Pro-Silway III interconnects

as reviewed by Robert H. Levi






Avalon Eidolon and REL Stadium III subwoofer.

E.A.R. 324 phono preamplifier, E.A.R. 890 amplifier, Pass X1 preamplifier, and an E.A.R. 834L tube line stage.

VPI Scout/JMW 9 tonearm, VPI SDS Controller, ZYX R100H phono cartridge. ModWright Sony 999 SACD/CD Player with Signature Truth, Mod/Bybee Filters and Revelation Cryo Silver Umbilical. Pioneer DVL 919 LD/DVD Player, and a Marantz DV8400 DVD/SACD/CD player. Magnum Dynalab MD-108 Reference Tuner, Marantz 10B tuner, and Scott 350B FM tuner, AQ 7500 FM Antenna, Stax 7t Electrostatic headphones, Grado Reference 1 headphones, and a Grado headphone amplifier.

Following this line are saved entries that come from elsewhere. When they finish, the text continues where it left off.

lemma fraw_0_preimage:
  assumes n: "0 < n" and b: "b \<in> crysB_prefix n l 1" and pos: "b ! 0 > 0"
  shows "\<exists>c \<in> crysB_prefix n l 1. fraw n 0 c = b \<and> stage_weight n 0 c < stage_weight n 0 b"
proof -
  define c where "c = b[0 := b ! 0 - 1]"
  have len: "length b = 2 * n" using b by (simp add: crysB_prefix_def crysB_def)
  have "c \<in> crysB n l" unfolding c_def using crysB_decrement[of b n l 0] b pos n
    by (simp add: crysB_prefix_def)
  then have cP: "c \<in> crysB_prefix n l 1"
    using b by (auto simp: crysB_prefix_def c_def nth_list_update)
  have "fraw n 0 c = b" using fraw_0_prefix[OF n cP] n len by (simp add: c_def)
  moreover have "stage_weight n 0 c < stage_weight n 0 b"
    using pos n len by (simp add: stage_weight_def c_def)
  ultimately show ?thesis using cP by blast
qed

lemma fraw_iseq_Suc_preimage_outer:
  assumes a: "1 \<le> a" "a < 2 * n" and b: "b \<in> crysB_prefix n l (Suc a)" and pos: "b ! a > 0"
    and outer: "n < a \<longrightarrow> b ! (2 * n - a) \<le> b ! (a - 1)"
  shows "\<exists>c \<in> crysB_prefix n l (Suc a).
           fraw n (iseq n j (Suc a)) c = b \<and> stage_weight n a c < stage_weight n a b"
proof -
  have len: "length b = 2 * n" and nonneg: "\<And>p. p < 2 * n \<Longrightarrow> 0 \<le> b ! p"
    using b by (auto simp: crysB_prefix_def crysB_def)
  define c where "c = b[a := b ! a - 1, a - 1 := b ! (a - 1) + 1]"
  have cP: "c \<in> crysB_prefix n l (Suc a)"
    unfolding c_def using unshift_unit_in_crysB_prefix[OF a(2) b] a pos by simp
  have far: "2 * n - a \<noteq> a - 1 \<and> 2 * n - a \<noteq> a" if "n < a" using that a by arith
  then have cond: "\<not> (n < a \<and> c ! (a - 1) \<le> c ! (2 * n - a))"
    using outer a len by (auto simp: c_def nth_list_update)
  have "fraw n (iseq n j (Suc a)) c = shift_unit c a"
    using fraw_iseq_Suc_prefix[OF a cP, of j] by (simp only: cond if_False)
  also have "\<dots> = b" unfolding c_def using shift_unit_inverse[of a b] a len by simp
  finally have "fraw n (iseq n j (Suc a)) c = b" .
  moreover have "stage_weight n a c < stage_weight n a b"
    using far pos a len nonneg[of "2 * n - a"] by (auto simp: stage_weight_def c_def nth_list_update)
  ultimately show ?thesis using cP by blast
qed
lemma merge_at_twin_peaks:
  assumes "5 \<le> r" "\<And>i. i < r \<Longrightarrow> e i \<noteq> e (Suc i)"
    and "peak e (Suc r) 1" "peak e (Suc r) (r - 1)"
    and "\<And>q. 1 < q \<Longrightarrow> q < r - 1 \<Longrightarrow> \<not> peak e (Suc r) q"
  shows "twin_peaks (merge_at e 2) r \<or> twin_peaks (merge_at e (r - 1)) r"
proof -
  obtain t where r: "r = t + 5" using assms(1) by (metis add.commute le_Suc_ex)
  have first: "e 0 < e 1" "e 2 < e 1"
    using assms(3) unfolding peak_def by (simp_all add: numeral_2_eq_2)
  have last: "e (t + 3) < e (t + 4)" "e (t + 5) < e (t + 4)"
    using assms(4) unfolding peak_def r by (simp_all add: numeral_eq_Suc)
  show ?thesis
  proof (cases "e 3 < e 1")
    case True
    have "peak (merge_at e 2) r 1"
      using first True unfolding peak_def merge_at_def r by (simp add: numeral_eq_Suc)
    moreover have "peak (merge_at e 2) r (t + 3)"
      using last unfolding peak_def merge_at_def r by (simp add: numeral_eq_Suc)
    ultimately have "twin_peaks (merge_at e 2) r"
      unfolding twin_peaks_def by (intro conjI exI[of _ "t + 3"]) simp_all
    then show ?thesis ..
  next
    case False
    have ascent: "e i < e (Suc i)" if "2 \<le> i" "i \<le> t + 2" for i
    proof (rule ascent_persists[of e 2 i "Suc r"])
      show "e 2 < e (Suc 2)" using first False by simp
    qed (use that assms(2,5) r in auto)
    have "peak (merge_at e (r - 1)) r 1"
      using first unfolding peak_def merge_at_def r by (simp add: numeral_eq_Suc)
    moreover have "peak (merge_at e (r - 1)) r (t + 3)"
      using last ascent[of "t + 2"] unfolding peak_def merge_at_def r
      by (simp add: numeral_eq_Suc max_def)
    ultimately have "twin_peaks (merge_at e (r - 1)) r"
      unfolding twin_peaks_def by (intro conjI exI[of _ "t + 3"]) simp_all
    then show ?thesis ..
  qed
qed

Harmonic Technology CyberLight interconnects, Soundstring interconnects and speaker cables, or Kimber Select balanced, Kimber TAK phono AG, Kimber Hero balanced and single ended interconnects, Eichmann Express 6 Series 2 interconnects, and Acoustic Zen Silver Reference II balanced interconnects. Kimber D-60 Digital Interconnects. Kimber Select 3038 Silver speaker cables, Harmonic Technology Magic Reference Silver speaker cables.

Monster Reference 350 Mark II v2 Power Conditioner and World Power Power Wing, Kimber Palladian power cables, Tara RSC and Decade power cables, Tiff power cables, Tice power cables, Tice Clock, and Audio Prism Quiet Line IIs. Cable Cooker 2.5, Winds Stylus Pressure Gage, Bedini Ultra Clarifier, VPI Record Cleaning Machine 16.5, Soundstring Pro Power Cables, and Kimber Pro 10 Gold Power Cables.

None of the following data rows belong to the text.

(* Let $(X,d^X)$ and $(Y,d^Y)$ be compact metric spaces, let $f$ be a homeomorphism of $X$, let $g$ be a homeomorphism of $Y$, and let $h:X\to Y$ be a homeomorphism. Then: (1) $U_f(X)=U_{f^{-1}}(X)$; (2) $U_{h\circ f\circ h^{-1}}(Y)=h(U_f(X))$; (3) for each $k\in\mathbb{Z}$, the set $U_{f^k}(X)$ is invariant under $f$; in particular $U_f(X)$ is invariant under $f$; (4) $U_{f\times g}(X\times Y)=U_f(X)\times U_g(Y)$, where $X\times Y$ carries the maximum metric $D((x_1,y_1),(x_2,y_2))=\max\{d^X(x_1,x_2),d^Y(y_1,y_2)\}$; (5) $M_f(X)=M_{f^{-1}}(X)$; (6) $M_{h\circ f\circ h^{-1}}(Y)=h(M_f(X))$; (7) for each $k\in\mathbb{Z}$, the set $M_{f^k}(X)$ is invariant under $f$; in particular $M_f(X)$ is invariant under $f$.
   Context: For a homeomorphism $f$ of a compact metric space $(X,d)$: $B(x,\epsilon)=\{y: d(x,y)<\epsilon\}$ and $\mathcal{O}_f(x)=\{f^n(x):n\in\mathbb{Z}\}$. $f$ is expansive on a subset $A\subset X$ with expansivity constant $\mathfrak{c}>0$ if for every pair of distinct $x,y\in A$ there is $n\in\mathbb{Z}$ with $d(f^n(x),f^n(y))>\mathfrak{c}$. A point $x$ is a uniformly expansive point of $f$ if there is $\mathfrak{c}>0$ such that $f$ is expansive on $B(x,\mathfrak{c})$ with expansivity constant $\mathfrak{c}$; $U_f(X)$ denotes the set of uniformly expansive points of $f$. A point $x$ is a minimally expansive point of $f$ if there is $\mathfrak{c}>0$ such that for each $y\in B(x,\mathfrak{c})$, $f$ is expansive on $\overline{\mathcal{O}_f(y)}$ with expansivity constant $\mathfrak{c}$; $M_f(X)$ denotes the set of minimally expansive points of $f$. *)

theory Defs
  imports "HOL-Analysis.Analysis"
begin

definition compact_metric_space :: "'a set \<Rightarrow> ('a \<Rightarrow> 'a \<Rightarrow> real) \<Rightarrow> bool" where
  "compact_metric_space X d \<longleftrightarrow> Metric_space X d \<and> compact_space (Metric_space.mtopology X d)"

definition mhomeo :: "'a set \<Rightarrow> ('a \<Rightarrow> 'a \<Rightarrow> real) \<Rightarrow> 'b set \<Rightarrow> ('b \<Rightarrow> 'b \<Rightarrow> real) \<Rightarrow> ('a \<Rightarrow> 'b) \<Rightarrow> bool" where
  "mhomeo X d Y e h \<longleftrightarrow> homeomorphic_map (Metric_space.mtopology X d) (Metric_space.mtopology Y e) h"

definition inv_on :: "'a set \<Rightarrow> ('a \<Rightarrow> 'b) \<Rightarrow> 'b \<Rightarrow> 'a" where
  "inv_on X f = the_inv_into X f"

definition zpow :: "'a set \<Rightarrow> ('a \<Rightarrow> 'a) \<Rightarrow> int \<Rightarrow> 'a \<Rightarrow> 'a" where
  "zpow X f n = (if 0 \<le> n then f ^^ nat n else inv_on X f ^^ nat (- n))"

definition oball :: "'a set \<Rightarrow> ('a \<Rightarrow> 'a \<Rightarrow> real) \<Rightarrow> 'a \<Rightarrow> real \<Rightarrow> 'a set" where
  "oball X d x r = {y \<in> X. d x y < r}"

definition orbit :: "'a set \<Rightarrow> ('a \<Rightarrow> 'a) \<Rightarrow> 'a \<Rightarrow> 'a set" where
  "orbit X f x = {zpow X f n x | n. True}"

definition expansive_on :: "'a set \<Rightarrow> ('a \<Rightarrow> 'a \<Rightarrow> real) \<Rightarrow> ('a \<Rightarrow> 'a) \<Rightarrow> 'a set \<Rightarrow> real \<Rightarrow> bool" where
  "expansive_on X d f A c \<longleftrightarrow>
     (\<forall>x\<in>A. \<forall>y\<in>A. x \<noteq> y \<longrightarrow> (\<exists>n::int. d (zpow X f n x) (zpow X f n y) > c))"

definition unif_exp_points :: "'a set \<Rightarrow> ('a \<Rightarrow> 'a \<Rightarrow> real) \<Rightarrow> ('a \<Rightarrow> 'a) \<Rightarrow> 'a set" where
  "unif_exp_points X d f = {x \<in> X. \<exists>c>0. expansive_on X d f (oball X d x c) c}"

definition min_exp_points :: "'a set \<Rightarrow> ('a \<Rightarrow> 'a \<Rightarrow> real) \<Rightarrow> ('a \<Rightarrow> 'a) \<Rightarrow> 'a set" where
  "min_exp_points X d f = {x \<in> X. \<exists>c>0. \<forall>y \<in> oball X d x c.
      expansive_on X d f (Metric_space.mtopology X d closure_of orbit X f y) c}"

definition max_dist :: "('a \<Rightarrow> 'a \<Rightarrow> real) \<Rightarrow> ('b \<Rightarrow> 'b \<Rightarrow> real) \<Rightarrow> 'a \<times> 'b \<Rightarrow> 'a \<times> 'b \<Rightarrow> real" where
  "max_dist d e p q = max (d (fst p) (fst q)) (e (snd p) (snd q))"

end

theory Submission
  imports Defs
begin

(* The iterates of the inverse are those of f with time reversed, and the inverse has
   the same orbits as f; this gives (1) and (5).
   A homeomorphism h between compact metric spaces that intertwines F with G carries
   iterates to iterates and orbit closures to orbit closures, and its inverse is
   uniformly continuous. If \<delta> is a modulus of uniform continuity of the inverse for
   the tolerance c, then pairs whose F-orbits get more than c apart have G-orbits
   getting at least \<delta> apart, so an expansivity constant c on the c-ball around x
   gives the constant \<delta>/2 on the (\<delta>/2)-ball around h x. Applied to h and to its
   inverse this gives (2) and (6). Since f commutes with each f^k, f intertwines f^k
   with itself, so (3) and (7) are instances of (2) and (6). For (4), a ball for the
   maximum metric is the product of the coordinate balls, and two distinct points of
   the product are separated as soon as one pair of coordinates is. *)

lemma bij_betw_inv_on: "bij_betw h X Y \<Longrightarrow> bij_betw (inv_on X h) Y X"
  unfolding inv_on_def by (rule bij_betw_the_inv_into)

lemma inv_on_into: "bij_betw h X Y \<Longrightarrow> y \<in> Y \<Longrightarrow> inv_on X h y \<in> X"
  by (meson bij_betwE bij_betw_inv_on)

lemma f_inv_on_f: "bij_betw h X Y \<Longrightarrow> y \<in> Y \<Longrightarrow> h (inv_on X h y) = y"
  unfolding inv_on_def bij_betw_def by (metis f_the_inv_into_f)

lemma inv_on_f_f: "bij_betw h X Y \<Longrightarrow> x \<in> X \<Longrightarrow> inv_on X h (h x) = x"
  unfolding inv_on_def bij_betw_def by (metis the_inv_into_f_f)

lemma inv_on_f_eq:
  assumes "bij_betw h X Y" "x \<in> X" "h x = y"
  shows "inv_on X h y = x"
  using inv_on_f_f[OF assms(1,2)] assms(3) by simp

lemma inv_on_inv_on:
  assumes "bij_betw h X Y" "x \<in> X"
  shows "inv_on Y (inv_on X h) x = h x"
  by (rule inv_on_f_eq[OF bij_betw_inv_on[OF assms(1)] bij_betw_apply[OF assms]])
     (rule inv_on_f_f[OF assms])

lemma subset_image_if_inv_on_image_subset:
  assumes h: "bij_betw h X Y" and A: "A \<subseteq> Y" and "inv_on X h ` A \<subseteq> B"
  shows "A \<subseteq> h ` B"
proof
  fix y assume "y \<in> A"
  then show "y \<in> h ` B"
    using f_inv_on_f[OF h, of y] A assms(3) by (metis image_eqI image_subset_iff subsetD)
qed

lemma zpow_0 [simp]: "zpow X F 0 = id"
  by (simp add: zpow_def)

lemma zpow_1 [simp]: "zpow X F 1 = F"
  by (simp add: zpow_def)

lemma zpow_into:
  assumes F: "bij_betw F X X" and x: "x \<in> X"
  shows "zpow X F n x \<in> X"
proof -
  have "(H ^^ m) x \<in> X" if "H ` X \<subseteq> X" for H m
    by (induction m) (use that x in auto)
  moreover have "F ` X \<subseteq> X" "inv_on X F ` X \<subseteq> X"
    using F inv_on_into[OF F] by (auto simp: bij_betw_def)
  ultimately show ?thesis
    by (simp add: zpow_def)
qed

lemma zpow_succ:
  assumes F: "bij_betw F X X" and x: "x \<in> X"
  shows "zpow X F (n + 1) x = F (zpow X F n x)"
proof (cases "0 \<le> n")
  case True
  then have "nat (n + 1) = Suc (nat n)"
    by simp
  with True show ?thesis
    by (simp add: zpow_def)
next
  case False
  then have "nat (- n) = Suc (nat (- (n + 1)))"
    by simp
  with False have "zpow X F n x = inv_on X F (zpow X F (n + 1) x)"
    by (simp add: zpow_def)
  then show ?thesis
    using f_inv_on_f[OF F zpow_into[OF F x]] by simp
qed

lemma zpow_pred:
  assumes F: "bij_betw F X X" and x: "x \<in> X"
  shows "zpow X F (n - 1) x = inv_on X F (zpow X F n x)"
  using zpow_succ[OF F x, of "n - 1"] inv_on_f_f[OF F zpow_into[OF F x]] by simp

lemma zpow_add:
  assumes F: "bij_betw F X X" and x: "x \<in> X"
  shows "zpow X F (m + n) x = zpow X F m (zpow X F n x)"
proof (induction m rule: int_induct[where k = 0])
  case base
  show ?case by simp
next
  case (step1 i)
  then show ?case
    using zpow_succ[OF F x, of "i + n"] zpow_succ[OF F zpow_into[OF F x], of i]
    by (simp add: add.commute add.left_commute)
next
  case (step2 i)
  then show ?case
    using zpow_pred[OF F x, of "i + n"] zpow_pred[OF F zpow_into[OF F x], of i]
    by (simp add: algebra_simps)
qed

lemma zpow_commute:
  assumes F: "bij_betw F X X" and x: "x \<in> X"
  shows "zpow X F k (F x) = F (zpow X F k x)"
  using zpow_add[OF F x, of k 1] zpow_add[OF F x, of 1 k] by (simp add: add.commute)

lemma bij_betw_zpow:
  assumes F: "bij_betw F X X"
  shows "bij_betw (zpow X F k) X X"
  by (rule bij_betw_byWitness[where f' = "zpow X F (- k)"])
     (use zpow_add[OF F, of _ "- k" k, symmetric] zpow_add[OF F, of _ k "- k", symmetric]
        zpow_into[OF F] in auto)

lemma zpow_inv_on:
  assumes F: "bij_betw F X X" and x: "x \<in> X"
  shows "zpow X (inv_on X F) n x = zpow X F (- n) x"
proof (induction n rule: int_induct[where k = 0])
  case base
  show ?case by simp
next
  case (step1 i)
  then show ?case
    using zpow_succ[OF bij_betw_inv_on[OF F] x, of i] zpow_pred[OF F x, of "- i"] by simp
next
  case (step2 i)
  then show ?case
    using zpow_pred[OF bij_betw_inv_on[OF F] x, of i] zpow_succ[OF F x, of "- i"]
      inv_on_inv_on[OF F zpow_into[OF F x, of "- i"]] by simp
qed

definition intertwines_on :: "'a set \<Rightarrow> ('a \<Rightarrow> 'b) \<Rightarrow> ('a \<Rightarrow> 'a) \<Rightarrow> ('b \<Rightarrow> 'b) \<Rightarrow> bool" where
  "intertwines_on X h F G \<longleftrightarrow> (\<forall>x\<in>X. G (h x) = h (F x))"

lemma intertwines_onD: "intertwines_on X h F G \<Longrightarrow> x \<in> X \<Longrightarrow> G (h x) = h (F x)"
  by (simp add: intertwines_on_def)

lemma intertwined_eq_conj:
  assumes h: "bij_betw h X Y" and y: "y \<in> Y" and hFG: "intertwines_on X h F G"
  shows "G y = h (F (inv_on X h y))"
  using intertwines_onD[OF hFG inv_on_into[OF h y]] f_inv_on_f[OF h y] by simp

lemma bij_betw_intertwined:
  assumes F: "bij_betw F X X" and h: "bij_betw h X Y" and hFG: "intertwines_on X h F G"
  shows "bij_betw G Y Y"
proof -
  have "bij_betw G Y Y = bij_betw (h \<circ> F \<circ> inv_on X h) Y Y"
    by (rule bij_betw_cong) (simp add: intertwined_eq_conj[OF h _ hFG])
  then show ?thesis
    using bij_betw_trans[OF bij_betw_trans[OF bij_betw_inv_on[OF h] F] h] by (simp add: comp_assoc)
qed

lemma intertwines_on_inv_on:
  assumes F: "bij_betw F X X" and h: "bij_betw h X Y" and hFG: "intertwines_on X h F G"
  shows "intertwines_on Y (inv_on X h) G F"
  unfolding intertwines_on_def
proof
  fix y assume y: "y \<in> Y"
  have "F (inv_on X h y) \<in> X"
    using bij_betw_apply[OF F inv_on_into[OF h y]] .
  then show "F (inv_on X h y) = inv_on X h (G y)"
    using intertwined_eq_conj[OF h y hFG] inv_on_f_f[OF h] by simp
qed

Harmonic Technology's Pro-Silway III interconnects were a discovery. I recently acquired a Marantz 10B FM tuner that I then had fully restored. After trying my best single-ended cables, including Kimber Select, Kimber Hero, Soundstring Pro and Omega, and some older MIT and Audio Research cables, I was not satisfied with the overly warm sound and lack of air. In order to minimize interference with this unshielded tuner, I placed it a full five meters away from my front end, and five meters of cable with capacitance exceeding 1000 pf was audibly rolling off the sound. I looked through a mountain of cable literature to identify a shielded cable with low capacitance. The lowest on earth is Kimber KCAG at 16 pf per foot, but it's not shielded. I thought that the Harmonic Technology CyberLight cables would be perfect. They are shielded, have zero capacitance, and are the reference cables in my front end, but they were a no go because they are not available with right-angle plugs, and since the RCAs on the 10B are mounted vertically, the available bending room is only three inches.

I was back to square one. Then I saw that Harmonic Technology had recently revised their Pro-Silway cables. The Pro-Silway IIIs have only 22 pf per foot of capacitance—half that of HT's top-of-the-line Magic Reference cables and a third that of the unshielded Kimber Selects. Five meters of these beauties, with right-angle RCA connectors, were in the mail the next day. After some appropriate break-in time on the Cable Cooker and on the tuner, I began to listen in earnest. These new mid-priced cables are true sonic beauties! Made of ultra-pure silver and copper (with more silver than the Silway IIs), the Silway IIIs got out of the way of the music better than any other interconnects I've yet auditioned that cost less than $500 per meter. The 10B came to life, with extraordinary definition and pacing and snap galore. It could now compete with my Magnum Dynalab 108 in the frequency extremes, while maintaining its highly textured and luscious mids. I was in heaven!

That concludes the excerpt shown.